The SAMR model was created by Dr Ruben Puentedura and provides a model which describes technological integration in the classroom. When you begin to use tech in the classroom you often come across this model as a method of helping you to effectively navigate the use of tech.
The model itself is nice and simple and it’s aim is to guide the user from a point at where technology simply substitutes a classroom activity eg word processing to a point where tasks are redefined by technology ie. students collaborate to make a film on a subject using multiple apps or elements of their device. I was introduced to this model a couple of years ago and it really resonated with me, I could see that getting to a point of redefinition was key to the use of technology in the classroom. I liked the idea of using multiple apps to create the previously inconceivable. To my mind, it would help to stretch my students enabling them to work confidently and creatively with little teacher interference.
I am now 2 years into using iPads in the classroom. I don’t have one per student and I cannot use them every lesson as they are for use by the whole department however I am using them as much as possible and this constant use has lead me to question the SAMR model.

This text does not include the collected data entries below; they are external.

(* Let $\mathcal{RR}_2$ be the set of partitions in which consecutive parts differ by at least $2$ and all parts are greater than $1$ (including the empty partition). For a nonempty partition $\pi=(\lambda_1,\dots,\lambda_\nu)$ let $\omega_{2,2}(\pi)=(\lambda_\nu-1)\prod_{i=1}^{\nu-1}(\lambda_i-\lambda_{i+1}-1)$, and let $\omega_{2,2}$ of the empty partition be $1$. Then, as formal power series, \[\sum_{\pi\in\mathcal{RR}_2}\omega_{2,2}(\pi)\,q^{|\pi|}=\sum_{\pi\in\tilde C_{\ge 0}}q^{|\pi|},\] where $\tilde C_{\ge0}$ is the set of all partitions with crank $\ge 0$.
   Context: A partition is a finite weakly decreasing sequence of positive integers; $|\pi|$ is the sum of its parts. The crank of a partition $\pi$ is defined as: the largest part of $\pi$ if $1$ is not a part of $\pi$ (the empty partition has crank $0$); otherwise, (the number of parts of $\pi$ larger than the number of $1$'s in $\pi$) minus (the number of $1$'s in $\pi$). *)

theory Defs
  imports "HOL-Computational_Algebra.Formal_Power_Series"
begin

definition is_partition :: "nat list \<Rightarrow> bool" where
  "is_partition xs \<longleftrightarrow> sorted_wrt (\<ge>) xs \<and> (\<forall>x\<in>set xs. 0 < x)"

definition partitions_of :: "nat \<Rightarrow> nat list set" where
  "partitions_of n = {xs. is_partition xs \<and> sum_list xs = n}"

definition ones :: "nat list \<Rightarrow> nat" where
  "ones xs = count_list xs 1"

definition crank :: "nat list \<Rightarrow> int" where
  "crank xs = (if ones xs = 0 then (if xs = [] then 0 else int (hd xs))
               else int (length (filter (\<lambda>x. x > ones xs) xs)) - int (ones xs))"

definition RR2 :: "nat list \<Rightarrow> bool" where
  "RR2 xs \<longleftrightarrow> is_partition xs \<and> (\<forall>x\<in>set xs. 1 < x)
      \<and> (\<forall>i. Suc i < length xs \<longrightarrow> xs ! i \<ge> xs ! Suc i + 2)"

text \<open>omega_{2,2}; integer-valued (all factors are positive on RR_2 anyway).\<close>
definition omega22 :: "nat list \<Rightarrow> int" where
  "omega22 xs = (if xs = [] then 1
     else (int (last xs) - 1) *
          (\<Prod>i<length xs - 1. int (xs ! i) - int (xs ! Suc i) - 1))"

end

theory Submission
  imports Defs "HOL-Library.Multiset"
begin

text \<open>
  Call an index \<open>j\<close> with \<open>\<lambda>\<^sub>j = j\<close> a fixed point of the partition \<open>\<lambda>\<close>.
  Replacing the fixed part \<open>j\<close> by \<open>j\<close> ones is a bijection, preserving the size, from partitions
  with a fixed point onto partitions of negative crank; hence partitions of nonnegative crank are
  equinumerous with fixed-point-free partitions.
  Stripping the principal hooks of a fixed-point-free partition one by one gives hook lengths
  \<open>h\<^sub>1 > \<dots> > h\<^sub>\<nu>\<close> forming a partition in \<open>\<R>\<R>\<^sub>2\<close> of the same size. Conversely the partition
  is rebuilt hook by hook from the inside out, and the arm of the \<open>k\<close>-th hook can be chosen in
  exactly \<open>h\<^sub>k - h\<^sub>k\<^sub>+\<^sub>1 - 1\<close> ways (\<open>h\<^sub>\<nu> - 1\<close> for the innermost one), so each fibre has
  \<open>\<omega>\<^sub>2\<^sub>,\<^sub>2\<close> elements.
\<close>

section \<open>Fixed points and negative crank\<close>

definition parts_above :: "nat multiset \<Rightarrow> nat \<Rightarrow> nat" where
  "parts_above M j = size (filter_mset (\<lambda>x. j < x) M)"

definition partition_msets :: "nat \<Rightarrow> nat multiset set" where
  "partition_msets n = {M. (\<forall>x\<in>#M. 0 < x) \<and> sum_mset M = n}"

text \<open>For \<open>\<lambda>\<^sub>1 \<ge> \<lambda>\<^sub>2 \<ge> \<dots>\<close> the condition says \<open>\<lambda>\<^sub>j \<ge> j\<close> and \<open>\<lambda>\<^sub>j \<le> j\<close>, i.e.\ \<open>\<lambda>\<^sub>j = j\<close>.\<close>
definition has_fixed_point :: "nat multiset \<Rightarrow> bool" where
  "has_fixed_point M \<longleftrightarrow> (\<exists>j\<ge>1. parts_above M j < j \<and> j \<le> parts_above M (j - 1))"

definition neg_crank :: "nat multiset \<Rightarrow> bool" where
  "neg_crank M \<longleftrightarrow> count M 1 \<noteq> 0 \<and> parts_above M (count M 1) < count M 1"

text \<open>If \<open>M\<close> has a fixed point, it is \<open>pivot M\<close>; if \<open>M\<close> has negative crank, \<open>M\<close> has at
  least \<open>pivot M\<close> ones.\<close>
definition pivot :: "nat multiset \<Rightarrow> nat" where
  "pivot M = (LEAST j. parts_above M j < j)"

definition explode_pivot :: "nat multiset \<Rightarrow> nat multiset" where
  "explode_pivot M = M - {#pivot M#} + replicate_mset (pivot M) 1"

definition collapse_ones :: "nat multiset \<Rightarrow> nat multiset" where
  "collapse_ones M = M - replicate_mset (pivot M) 1 + {#pivot M#}"

lemma parts_above_antimono: "i \<le> k \<Longrightarrow> parts_above M k \<le> parts_above M i"
  unfolding parts_above_def by (intro size_mset_mono mset_subset_eqI) auto

lemma parts_above_add [simp]: "parts_above (M + N) i = parts_above M i + parts_above N i"
  by (simp add: parts_above_def)

lemma parts_above_add_mset [simp]:
  "parts_above (add_mset a M) i = (if i < a then 1 else 0) + parts_above M i"
  by (simp add: parts_above_def)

Whatever you read about the use of technology in the classroom you will always come across the phrase “the right tool for the job”. As a subject specialist you will know your students well and you will know where you are aiming to take them. Thus you as the professional select the correct classroom tools to get them there whether this be a text book, a mini whiteboard task or a comprehension exercise as the professional you choose because you know what’s best for your students. The same is true when you use technology in the classroom. You plan your lessons and you know when, how and if you are going to use technology in the classroom. Sometimes it will be wholly appropriate to use your tablets as mini whiteboards ( substitution) or to use a formative assessment tool to check knowledge (augmentation) In this senario you as teacher are selecting the appropriate tool for the job. The pedagogy is leading the technology. My issue with the SMAR model stems from this point; all too often the SAMR model is presented as THE model to follow, students should be working at the redefinition stage and for me, and I fell into this trap too, teachers then force their work to the redefinition stage – they constantly try to work at that level. This is when we see technology leading the pedagogy and technology can then have a detrimental affect on teaching and learning.

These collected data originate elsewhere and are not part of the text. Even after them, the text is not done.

(* Let $f\colon[0,1]\times\mathbb R\to\mathbb R$ be continuous, and let $A,B\in\widehat{\Omega}[0,1]$ satisfy $\bigl|\int_0^1[A(s)-B(s)]\,ds\bigr|<1$. Then there exists $\lambda_0>0$ such that for every $\lambda\in\mathbb R$ with $|\lambda|\le\lambda_0$ the boundary value problem $x''(t)=-\lambda f(t,x(t))$, $t\in[0,1]$, $x(0)=\int_0^1A(s)\,dx(s)$, $x(1)=\int_0^1B(s)\,dx(s)$ has a solution.
   Context: Integrals in the boundary conditions are Riemann–Stieltjes integrals; a solution is a twice continuously differentiable $x\colon[0,1]\to\mathbb R$ satisfying the equation and the boundary conditions. For $\varepsilon>0$ and $a<b$, a bounded $A\colon[a,b]\to\mathbb R$ belongs to $\Omega_\varepsilon[a,b]$ if there exists $\delta>0$ such that $\sup_{t\le\tau\le\sigma\le s}|A(\sigma)-A(\tau)|\le\varepsilon$ whenever $t,s\in[a,b]$ and $0\le s-t\le\delta$. $\Omega[0,1]$ is the set of bounded $A\colon[0,1]\to\mathbb R$ such that for every $\varepsilon>0$ there is $a\in(0,1)$ with $A|_{[0,a]}\in\Omega_\varepsilon[0,a]$ and $A|_{[a,1]}$ of bounded (Jordan) variation on $[a,1]$. $\widehat{\Omega}[0,1]=\Omega[0,1]\cup C[0,1]\cup BV[0,1]$, where $BV[0,1]$ denotes functions of bounded variation on $[0,1]$. *)

theory Defs
  imports "HOL-Analysis.Analysis"
begin

definition is_partition :: "real \<Rightarrow> real \<Rightarrow> nat \<Rightarrow> (nat \<Rightarrow> real) \<Rightarrow> bool" where
  "is_partition a b n t \<longleftrightarrow> t 0 = a \<and> t n = b \<and> (\<forall>i\<in>{1..n}. t (i - 1) < t i)"

definition bounded_variation_on :: "(real \<Rightarrow> real) \<Rightarrow> real \<Rightarrow> real \<Rightarrow> bool" where
  "bounded_variation_on A a b \<longleftrightarrow>
     (\<exists>M. \<forall>n t. is_partition a b n t \<longrightarrow>
        (\<Sum>i=1..n. \<bar>A (t i) - A (t (i - 1))\<bar>) \<le> M)"

definition has_RS_integral ::
  "(real \<Rightarrow> real) \<Rightarrow> (real \<Rightarrow> real) \<Rightarrow> real \<Rightarrow> real \<Rightarrow> real \<Rightarrow> bool" where
  "has_RS_integral A g a b I \<longleftrightarrow>
     (\<forall>e>0. \<exists>d>0. \<forall>n t \<xi>. is_partition a b n t \<longrightarrow>
        (\<forall>i\<in>{1..n}. t i - t (i - 1) < d) \<longrightarrow>
        (\<forall>i\<in>{1..n}. t (i - 1) \<le> \<xi> i \<and> \<xi> i \<le> t i) \<longrightarrow>
        \<bar>(\<Sum>i=1..n. A (\<xi> i) * (g (t i) - g (t (i - 1)))) - I\<bar> < e)"

definition Omega_eps :: "real \<Rightarrow> real \<Rightarrow> real \<Rightarrow> (real \<Rightarrow> real) \<Rightarrow> bool" where
  "Omega_eps \<epsilon> a b A \<longleftrightarrow> bounded (A ` {a..b}) \<and>
     (\<exists>\<delta>>0. \<forall>t\<in>{a..b}. \<forall>s\<in>{a..b}. 0 \<le> s - t \<and> s - t \<le> \<delta> \<longrightarrow>
        (\<forall>\<tau> \<sigma>. t \<le> \<tau> \<and> \<tau> \<le> \<sigma> \<and> \<sigma> \<le> s \<longrightarrow> \<bar>A \<sigma> - A \<tau>\<bar> \<le> \<epsilon>))"

definition Omega01 :: "(real \<Rightarrow> real) \<Rightarrow> bool" where
  "Omega01 A \<longleftrightarrow> bounded (A ` {0..1}) \<and>
     (\<forall>\<epsilon>>0. \<exists>a. 0 < a \<and> a < 1 \<and> Omega_eps \<epsilon> 0 a A \<and> bounded_variation_on A a 1)"

definition Omega_hat01 :: "(real \<Rightarrow> real) \<Rightarrow> bool" where
  "Omega_hat01 A \<longleftrightarrow> Omega01 A \<or> continuous_on {0..1} A \<or> bounded_variation_on A 0 1"

definition is_solution ::
  "(real \<Rightarrow> real \<Rightarrow> real) \<Rightarrow> real \<Rightarrow> (real \<Rightarrow> real) \<Rightarrow> (real \<Rightarrow> real) \<Rightarrow> (real \<Rightarrow> real) \<Rightarrow> bool" where
  "is_solution f lam A B x \<longleftrightarrow>
     (\<exists>x' x''.
        (\<forall>t\<in>{0..1}. (x has_real_derivative x' t) (at t within {0..1})) \<and>
        (\<forall>t\<in>{0..1}. (x' has_real_derivative x'' t) (at t within {0..1})) \<and>
        continuous_on {0..1} x'' \<and>
        (\<forall>t\<in>{0..1}. x'' t = - lam * f t (x t))) \<and>
     has_RS_integral A x 0 1 (x 0) \<and>
     has_RS_integral B x 0 1 (x 1)"

end

(* Write a solution as x(t) = c + d t + lam * int_0^t w, with w(r) = - int_0^r f(s, x(s)) ds, so that
   x' = d + lam w. Every A in Omega-hat[0,1] is, up to any e > 0, a function of oscillation at most e plus a
   difference of monotone functions; this makes the Riemann-Stieltjes integral int_0^1 A dx equal to
   int_0^1 A x' ds. The boundary conditions then form a linear system for (c, d) whose determinant
   1 + int A - int B is positive by hypothesis.
   For the nonlinear part, f is truncated in x to a bounded function. With the argument of f delayed by h,
   the integral equation is solved explicitly by the method of steps, continuously in (c, d); Brouwer's
   theorem on a square of side proportional to |lam| yields (c, d) solving the boundary system, and
   Arzela-Ascoli lets h tend to 0. For small |lam| the solution satisfies |x| <= 1, where the truncation
   does not change f. *)

theory Submission
  imports Defs "HOL-Complex_Analysis.Great_Picard"
begin

section \<open>Partitions and interval integrals\<close>

lemma mult_divide_add_one_less:
  fixes L e :: real
  assumes "0 \<le> L" "0 < e"
  shows "L * (e / (L + 1)) < e"
proof -
  have "L * (e / (L + 1)) = e * (L / (L + 1))" by simp
  also have "\<dots> < e * 1" using assms by (intro mult_strict_left_mono) auto
  finally show ?thesis by simp
qed

lemma is_partition_mono:
  assumes "is_partition a b n t" "i \<le> j" "j \<le> n"
  shows "t i \<le> t j"
  using assms(2,3)
proof (induction j)
  case 0
  then show ?case by simp
next
  case (Suc j)
  have "t j < t (Suc j)"
    using assms(1) Suc.prems unfolding is_partition_def
    by (metis atLeastAtMost_iff diff_Suc_1 le_add1 plus_1_eq_Suc)
  then show ?case using Suc by (cases "i = Suc j") auto
qed

lemma is_partition_in:
  assumes "is_partition a b n t" "i \<le> n"
  shows "t i \<in> {a..b}"
  using is_partition_mono[OF assms(1), of 0 i] is_partition_mono[OF assms(1), of i n] assms
  unfolding is_partition_def by auto

lemma is_partition_less:
  assumes "is_partition a b n t" "i \<in> {1..n}"
  shows "t (i - 1) < t i"
  using assms unfolding is_partition_def by auto

lemma is_partition_subinterval:
  assumes "is_partition a b n t" "i \<in> {1..n}"
  shows "{t (i - 1)..t i} \<subseteq> {a..b}"
  using is_partition_in[OF assms(1), of "i - 1"] is_partition_in[OF assms(1), of i] assms(2)
  by auto

lemma is_partition_snoc:
  assumes "is_partition a x n t" "x < y"
  shows "is_partition a y (Suc n) (t(Suc n := y))"
  using assms unfolding is_partition_def by (auto simp: le_Suc_eq)

lemma variation_sum_snoc:
  assumes "is_partition a x n t"
  shows "(\<Sum>i=1..Suc n. \<bar>A ((t(Suc n := y)) i) - A ((t(Suc n := y)) (i - 1))\<bar>)
      = (\<Sum>i=1..n. \<bar>A (t i) - A (t (i - 1))\<bar>) + \<bar>A y - A x\<bar>"
proof -
  have "(\<Sum>i=1..n. \<bar>A ((t(Suc n := y)) i) - A ((t(Suc n := y)) (i - 1))\<bar>)
     = (\<Sum>i=1..n. \<bar>A (t i) - A (t (i - 1))\<bar>)"
    by (rule sum.cong) auto
  moreover have "t n = x" using assms unfolding is_partition_def by auto
  ultimately show ?thesis by (simp add: sum.cl_ivl_Suc)
qed

lemma sum_diff_pred_telescope:
  fixes u :: "nat \<Rightarrow> 'a::ab_group_add"
  shows "(\<Sum>i=1..n. u i - u (i - 1)) = u n - u 0"
  by (induction n) (auto simp: sum.cl_ivl_Suc)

Technology, from my point of view, works at it’s best in the classroom when it is lead by sound pedagogical thinking. You don’t plan your lessons by thinking at the very outset I am definitely going to use this text book no, you of course think about the aims of the lesson and what tools you will use to best achieve your aims. Using technology is no different sometimes it is perfectly acceptable to use technology at the substitution and augmentation level and sometimes you will be working at the redefinition level but definitely not always. @s_armitage highlights this beautifully in his blog post 4 hours of learning. I have also blogged in a similar vein. I like @domnorrish ‘s idea from this blog post that technology should become invisible in the classroom, nobody should talk about it anymore and unfortunately for me the SAMR model can create the very opposite effect.
So if not SAMR then what? I would suggest the TPACK model (described perfectly in this video by Candace M) brings together pedagogical knowledge, technological knowledge and content knowledge. It is not hierarchical like the SAMR model but a model that helps us to understand how to integrate technology into our teaching buy understanding each of the different components that make up the model.
In both cases models are a useful starting point but remember this, you are the teacher in the classroom it is you who decides what to use and when. Technology is a powerful tool in the hands of a good classroom practitioner but remember you can’t make an omelette (redefinition) without first cracking eggs (substitution)!